- Genre: Comedy
- Created by: Jim Kozyra and Chris Petlak
- Directed by: Ted Tremper
- Starring: Chris Petlak; Jim Kozyra; Kathy Najimy; Emily Peterson; David Pasquesi; Michael Patrick Thornton; Tamberla Perry; Rammel Chan;
- Country of origin: United States
- Original language: English
- No. of seasons: 1
- No. of episodes: 4

Production
- Production location: Chicago
- Running time: 23-26 minutes

Original release
- Network: iTunes; Netflix;
- Release: April 12, 2016

= The Jamz =

The Jamz is a half-hour workplace sitcom following the exploits of the crew at 101.7 THE JAMZ, Chicago's fictional #1-rated radio station.

The original concept for The Jamz, which was ordered straight-to-series by The Orchard, was created by Jim Kozyra and Chris Petlak, who serve as series regulars, writers, and co-executive producers.

Kozrya and Petlak were working at Chicago's 101.9 FM "The Mix" when they came up with the idea of a sitcom based on life at a radio station.

In 2012, Kozyra and Petlak raised a couple thousand dollars online to create a web series about life at a dysfunctional radio station. Because the eipodes received very little views, the two created a pilot for a full-fledged television series called “The Jamz” and submitted it to the New York Television Festival in 2014.

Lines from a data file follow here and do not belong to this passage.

lemma perfect_tree_Psi:
  assumes "ts \<in> Sstar"
  shows "perfect_tree (Psi ts)"
  unfolding perfect_tree_def
proof (intro conjI ballI allI)
  show "Psi ts \<noteq> {}"
    using seq_prefix_in_Psi by blast
next
  fix s n
  assume "s \<in> Psi ts"
  then obtain a k where "s = seq_prefix ts a k"
    by (auto simp: Psi_eq)
  then show "take n s \<in> Psi ts"
    by (simp add: take_seq_prefix seq_prefix_in_Psi)
next
  fix s
  assume "s \<in> Psi ts"
  then obtain a where s: "s = seq_prefix ts a (length s)"
    by (auto simp: mem_Psi_iff)
  obtain m where "length s \<le> m" "splitting (Psi ts) (seq_prefix ts a m)"
    using splitting_Psi_above[OF assms] by blast
  moreover from this have "take (length s) (seq_prefix ts a m) = s"
    by (subst s) (simp add: take_seq_prefix)
  ultimately show "\<exists>u\<in>Psi ts. length s \<le> length u \<and> take (length s) u = s
      \<and> u @ [False] \<in> Psi ts \<and> u @ [True] \<in> Psi ts"
    unfolding splitting_def by (intro bexI[OF _ seq_prefix_in_Psi]) simp
qed

lemma Psi_mono:
  assumes "Sstar_le s t"
  shows "Psi s \<subseteq> Psi t"
proof
  obtain \<phi> where \<phi>: "s = subst_seq t \<phi>"
    using assms by (auto simp: Sstar_le_def)
  fix v
  assume "v \<in> Psi s"
  then obtain a n where "v = seq_prefix s a n"
    by (auto simp: Psi_eq)
  then show "v \<in> Psi t"
    by (simp add: \<phi> seq_prefix_subst_seq seq_prefix_in_Psi)
qed

lemma perfect_tree_take: "perfect_tree p \<Longrightarrow> v \<in> p \<Longrightarrow> take n v \<in> p"
  by (simp add: perfect_tree_def)

lemma perfect_tree_Nil:
  assumes p: "perfect_tree p"
  shows "[] \<in> p"
proof -
  obtain s where "s \<in> p"
    using p by (auto simp: perfect_tree_def)
  from perfect_tree_take[OF p this, of 0] show ?thesis
    by simp
qed

lemma perfect_tree_splitting_extension:
  "perfect_tree p \<Longrightarrow> v \<in> p \<Longrightarrow> \<exists>u\<in>p. splitting p u \<and> length v \<le> length u \<and> take (length v) u = v"
  unfolding perfect_tree_def splitting_def by blast

lemma perfect_tree_child:
  assumes p: "perfect_tree p" and v: "v \<in> p"
  shows "v @ [True] \<in> p \<or> v @ [False] \<in> p"
proof -
  obtain u where u: "splitting p u" "length v \<le> length u" "take (length v) u = v"
    using perfect_tree_splitting_extension[OF p v] by blast
  define b where "b = (u @ [False]) ! length v"
  have "take (Suc (length v)) (u @ [False]) = v @ [b]"
    using u(2,3) by (subst take_Suc_conv_app_nth) (simp_all add: b_def)
  moreover have "take (Suc (length v)) (u @ [False]) \<in> p"
    using u(1) unfolding splitting_def by (intro perfect_tree_take[OF p]) simp
  ultimately show ?thesis
    by (cases b) auto
qed

lemma perfect_tree_splitting_extensions_bounded:
  assumes p: "perfect_tree p"
  shows "\<exists>N. \<forall>v\<in>p. length v = m \<longrightarrow>
           (\<exists>u\<in>p. splitting p u \<and> m \<le> length u \<and> length u \<le> N \<and> take m u = v)"
proof -
  define V where "V = {v\<in>p. length v = m}"
  have "V \<subseteq> {v. set v \<subseteq> UNIV \<and> length v = m}"
    by (auto simp: V_def)
  then have "finite V"
    by (rule finite_subset) (rule finite_lists_length_eq[OF finite_UNIV])
  moreover have "\<forall>v\<in>V. \<exists>u. u \<in> p \<and> splitting p u \<and> m \<le> length u \<and> take m u = v"
    using perfect_tree_splitting_extension[OF p] by (auto simp: V_def)
  ultimately obtain f
    where f: "\<And>v. v \<in> V \<Longrightarrow> f v \<in> p \<and> splitting p (f v) \<and> m \<le> length (f v) \<and> take m (f v) = v"
    using finite_set_choice[of V] by meson
  from \<open>finite V\<close> obtain N where N: "\<And>v. v \<in> V \<Longrightarrow> length (f v) \<le> N"
    using finite_nat_set_iff_bounded_le[of "length ` f ` V"] by auto
  show ?thesis
  proof (intro exI ballI impI)
    fix v
    assume "v \<in> p" "length v = m"
    then have "v \<in> V"
      by (simp add: V_def)
    with f N show "\<exists>u\<in>p. splitting p u \<and> m \<le> length u \<and> length u \<le> N \<and> take m u = v"
      by (intro bexI[of _ "f v"]) auto
  qed
qed

text \<open>The pair tree_walk p B x n = (v, c) consists of the node v of length n reached by descending
  through p, and the number c of variables consumed so far.\<close>
primrec tree_walk :: "bool list set \<Rightarrow> (nat \<Rightarrow> nat) \<Rightarrow> assignment \<Rightarrow> nat \<Rightarrow> bool list \<times> nat" where
  "tree_walk p B x 0 = ([], 0)"
| "tree_walk p B x (Suc n) = (case tree_walk p B x n of (v, c) \<Rightarrow>
     if splitting p v \<and> B c \<le> n then (v @ [x c], Suc c) else (v @ [v @ [True] \<in> p], c))"

definition tree_terms :: "bool list set \<Rightarrow> (nat \<Rightarrow> nat) \<Rightarrow> nat \<Rightarrow> bterm" where
  "tree_terms p B i x = fst (tree_walk p B x (Suc i)) ! i"

lemma length_tree_walk [simp]: "length (fst (tree_walk p B x n)) = n"
  by (induction n) (auto split: prod.split)

lemma tree_walk_Suc:
  "tree_walk p B x n = (v, c) \<Longrightarrow> tree_walk p B x (Suc n) =
     (if splitting p v \<and> B c \<le> n then (v @ [x c], Suc c) else (v @ [v @ [True] \<in> p], c))"
  by simp

declare tree_walk.simps(2) [simp del]

lemma tree_walk_Suc_node:
  "fst (tree_walk p B x (Suc n)) = fst (tree_walk p B x n) @ [tree_terms p B n x]"
proof -
  have "\<exists>b. fst (tree_walk p B x (Suc n)) = fst (tree_walk p B x n) @ [b]"
    by (cases "tree_walk p B x n") (simp add: tree_walk_Suc)
  then show ?thesis
    by (auto simp: tree_terms_def nth_append)
qed

lemma seq_prefix_tree_terms: "seq_prefix (tree_terms p B) x n = fst (tree_walk p B x n)"
  by (induction n) (simp_all add: seq_prefix_Suc tree_walk_Suc_node)

lemma tree_walk_count_le_Suc: "snd (tree_walk p B x n) \<le> snd (tree_walk p B x (Suc n))"
  by (cases "tree_walk p B x n") (simp add: tree_walk_Suc)

lemma tree_walk_count_mono: "m \<le> n \<Longrightarrow> snd (tree_walk p B x m) \<le> snd (tree_walk p B x n)"
  by (induction n rule: dec_induct) (auto intro: le_trans tree_walk_count_le_Suc)

lemma tree_walk_count_le: "snd (tree_walk p B x n) \<le> n"
proof (induction n)
  case (Suc n)
  then show ?case
    by (cases "tree_walk p B x n") (simp add: tree_walk_Suc)
qed simp

lemma tree_walk_count_delay: "k < snd (tree_walk p B x n) \<Longrightarrow> B k < n"
proof (induction n)
  case (Suc n)
  then show ?case
    by (cases "tree_walk p B x n") (auto simp: tree_walk_Suc less_Suc_eq split: if_splits)
qed simp

lemma tree_walk_cong:
  "(\<And>k. k < snd (tree_walk p B x n) \<Longrightarrow> x k = y k) \<Longrightarrow> tree_walk p B x n = tree_walk p B y n"
proof (induction n)
  case (Suc n)
  obtain v c where e: "tree_walk p B x n = (v, c)"
    by fastforce
  have "tree_walk p B y n = (v, c)"
    using Suc e tree_walk_count_le_Suc[of p B x n] by fastforce
  with e Suc.prems show ?case
    by (auto simp: tree_walk_Suc)
qed simp

lemma tree_walk_node_inj:
  "fst (tree_walk p B x n) = fst (tree_walk p B y n) \<Longrightarrow>
     snd (tree_walk p B x n) = snd (tree_walk p B y n) \<and> (\<forall>k < snd (tree_walk p B x n). x k = y k)"
proof (induction n)
  case (Suc n)
  obtain v c where e: "tree_walk p B x n = (v, c)"
    by fastforce
  obtain v' c' where e': "tree_walk p B y n = (v', c')"
    by fastforce
  have "fst (tree_walk p B x n) = fst (tree_walk p B y n)"
    using Suc.prems by (simp add: tree_walk_Suc_node)
  with Suc.IH e e' have "v' = v" "c' = c" "\<forall>k<c. x k = y k"
    by auto
  with Suc.prems e e' show ?case
    by (auto simp: tree_walk_Suc less_Suc_eq split: if_splits)
qed simp

lemma tree_walk_in_tree: "perfect_tree p \<Longrightarrow> fst (tree_walk p B x n) \<in> p"
proof (induction n)
  case 0
  then show ?case
    by (simp add: perfect_tree_Nil)
next
  case (Suc n)
  obtain v c where e: "tree_walk p B x n = (v, c)"
    by fastforce
  with Suc have "v @ [True] \<in> p \<or> v @ [False] \<in> p"
    by (simp add: perfect_tree_child)
  with e show ?case
    by (cases "x c"; cases "v @ [True] \<in> p") (auto simp: tree_walk_Suc splitting_def)
qed

text \<open>As long as the count does not increase, the walk cannot leave the unique path through the
  non-splitting nodes of p; that path leads to u, where the walk must branch.\<close>
lemma tree_walk_count_increases:
  assumes p: "perfect_tree p" and u: "u \<in> p" "splitting p u"
    and m: "m \<le> length u" "fst (tree_walk p B x m) = take m u" "B (snd (tree_walk p B x m)) \<le> m"
  shows "snd (tree_walk p B x m) < snd (tree_walk p B x (Suc (length u)))"
proof (rule ccontr)
  define c where "c = snd (tree_walk p B x m)"
  assume "\<not> c < snd (tree_walk p B x (Suc (length u)))"
  then have const: "snd (tree_walk p B x k) = c" if "m \<le> k" "k \<le> Suc (length u)" for k
    using tree_walk_count_mono[OF that(1), of p B x] tree_walk_count_mono[OF that(2), of p B x]
    by (simp add: c_def)
  have follow: "k \<le> length u \<longrightarrow> tree_walk p B x k = (take k u, c)" if "m \<le> k" for k
    using that
  proof (induction k rule: dec_induct)
    case base
    with m(2) show ?case
      by (simp add: c_def prod_eq_iff)
  next
    case (step k)
    show ?case
    proof
      assume k: "Suc k \<le> length u"
      with step.IH have e: "tree_walk p B x k = (take k u, c)"
        by simp
      have "B c \<le> k"
        using m(3) step.hyps by (simp add: c_def)
      moreover have "snd (tree_walk p B x (Suc k)) = c"
        using const step.hyps k by simp
      ultimately have not_splitting: "\<not> splitting p (take k u)"
        using e by (auto simp: tree_walk_Suc split: if_splits)
      have take_Suc: "take (Suc k) u = take k u @ [u ! k]"
        using k by (simp add: take_Suc_conv_app_nth)
      then have "take k u @ [u ! k] \<in> p"
        using perfect_tree_take[OF p u(1)] by metis
      with not_splitting have "(take k u @ [True] \<in> p) = u ! k"
        by (cases "u ! k") (auto simp: splitting_def)
      with e not_splitting take_Suc show "tree_walk p B x (Suc k) = (take (Suc k) u, c)"
        by (simp add: tree_walk_Suc)
    qed
  qed
  have "tree_walk p B x (length u) = (u, c)"
    using follow[of "length u"] m(1) by simp
  moreover have "B c \<le> length u"
    using m by (simp add: c_def)
  ultimately have "snd (tree_walk p B x (Suc (length u))) = Suc c"
    using u(2) by (simp add: tree_walk_Suc)
  with const[of "Suc (length u)"] m(1) show False
    by simp
qed

text \<open>The bound is uniform in x because only finitely many nodes of a given length need a splitting
  extension.\<close>
lemma tree_walk_count_unbounded:
  assumes p: "perfect_tree p"
  shows "\<exists>n. \<forall>x. j \<le> snd (tree_walk p B x n)"
proof (induction j)
  case (Suc j)
  then obtain n where n: "\<And>x. j \<le> snd (tree_walk p B x n)"
    by blast
  define m where "m = n + B j"
  obtain N where N: "\<And>v. v \<in> p \<Longrightarrow> length v = m \<Longrightarrow>
      \<exists>u\<in>p. splitting p u \<and> m \<le> length u \<and> length u \<le> N \<and> take m u = v"
    using perfect_tree_splitting_extensions_bounded[OF p] by blast
  have "Suc j \<le> snd (tree_walk p B x (Suc N))" for x
  proof -
    obtain u where u: "u \<in> p" "splitting p u" "m \<le> length u" "length u \<le> N"
        "take m u = fst (tree_walk p B x m)"
      using N[OF tree_walk_in_tree[OF p] length_tree_walk] by blast
    have count_m: "j \<le> snd (tree_walk p B x m)"
      using n[of x] tree_walk_count_mono[of n m p B x] by (simp add: m_def)
    have "Suc j \<le> snd (tree_walk p B x (Suc (length u)))"
    proof (cases "snd (tree_walk p B x m) = j")
      case True
      then have "B (snd (tree_walk p B x m)) \<le> m"
        by (simp add: m_def)
      with True show ?thesis
        using tree_walk_count_increases[OF p u(1,2,3) u(5)[symmetric]] by simp
    next
      case False
      with count_m show ?thesis
        using tree_walk_count_mono[of m "Suc (length u)" p B x] u(3) by simp
    qed
    with u(4) show ?thesis
      using tree_walk_count_mono[of "Suc (length u)" "Suc N" p B x] by simp
  qed
  then show ?case
    by blast
qed simp

lemma tree_terms_in_Sstar:
  assumes p: "perfect_tree p"
  shows "tree_terms p B \<in> Sstar"
proof (rule Sstar_intro)
  fix i
  show "depends_only_on (tree_terms p B i) {j. j \<le> i}"
    unfolding depends_only_on_def
  proof (intro allI impI)
    fix a b :: assignment
    assume "\<forall>j\<in>{j. j \<le> i}. a j = b j"
    then have "tree_walk p B a (Suc i) = tree_walk p B b (Suc i)"
      using tree_walk_count_le[of p B a "Suc i"] by (intro tree_walk_cong) auto
    then show "tree_terms p B i a = tree_terms p B i b"
      by (simp add: tree_terms_def)
  qed
next
  fix j
  obtain n where n: "\<And>x. Suc j \<le> snd (tree_walk p B x n)"
    using tree_walk_count_unbounded[OF p] by blast
  have "determined_by_prefix (tree_terms p B) n j"
    unfolding determined_by_prefix_def seq_prefix_tree_terms
    using tree_walk_node_inj n by (metis Suc_le_lessD)
  then show "\<exists>n. determined_by_prefix (tree_terms p B) n j" ..
qed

Episodes for Season 1 were released on iTunes April 12, 2016. The series premiered on Netflix April 30.

The series is shot in Chicago.

==Cast==
- Chris Petlak as Jay-Jay
- Jim Kozyra as Fitzy
- David Pasquesi as Kasey
- Tamberla Perry as Geena
- Emily Peterson as Chrissy
- Kathy Najimy as Dan
- Vincent Teninty as Wyatt
- Michael Patrick Thornton as Stanton
- Rammel Chan as Intern
- Cedric Young as Suds
- Matt Kozlowski as Clancy
- Sarah Mitchell as Liz
- Amy Rapp as Julie

==Episodes==
===Season 1 (2016)===

| No. overall | No. in season | Title | Directed by | Written by |
| 1 | 1 | "The Pilot" | Ted Tremper | Jim Kozyra and Chris Petlak |
When 101.7 FM THE JAMZ's morning show host retires, late-night DJs Jay‐Jay and Fitzy work to get out of the graveyard shift and into the morning gig. The only things stopping them are their disapproving boss, their competition, and their incompetence.
| 2 | 2 | "The Gig" | Ted Tremper | Chris Petlak |
Jay‐Jay and Geena battle for Kasey’s attention. Fitzy becomes Jay-Jay’s music manager, while Dan and Chrissy spy on Intern in an attempt to learn more about today’s youth culture.
| 3 | 3 | "Saturday" | Ted Tremper | Jo Scott and Jeff Murdoch |
After bumbling an on-air interview, Jay‐Jay and Fitzy are forced to attend an apology lunch with a major client. Chrissy moves out of her apartment with the aid of her coworkers, and Wyatt and Stanton surprise everyone with their professionalism.
| 4 | 4 | "A New Hope" | Ted Tremper | Jim Kozyra |
Jay-Jay becomes obsessed with his famous ex-girlfriend’s music videos. Fitzy accidentally leads Chrissy to believe that his mother is dead, and a very special guest shakes things up in the office.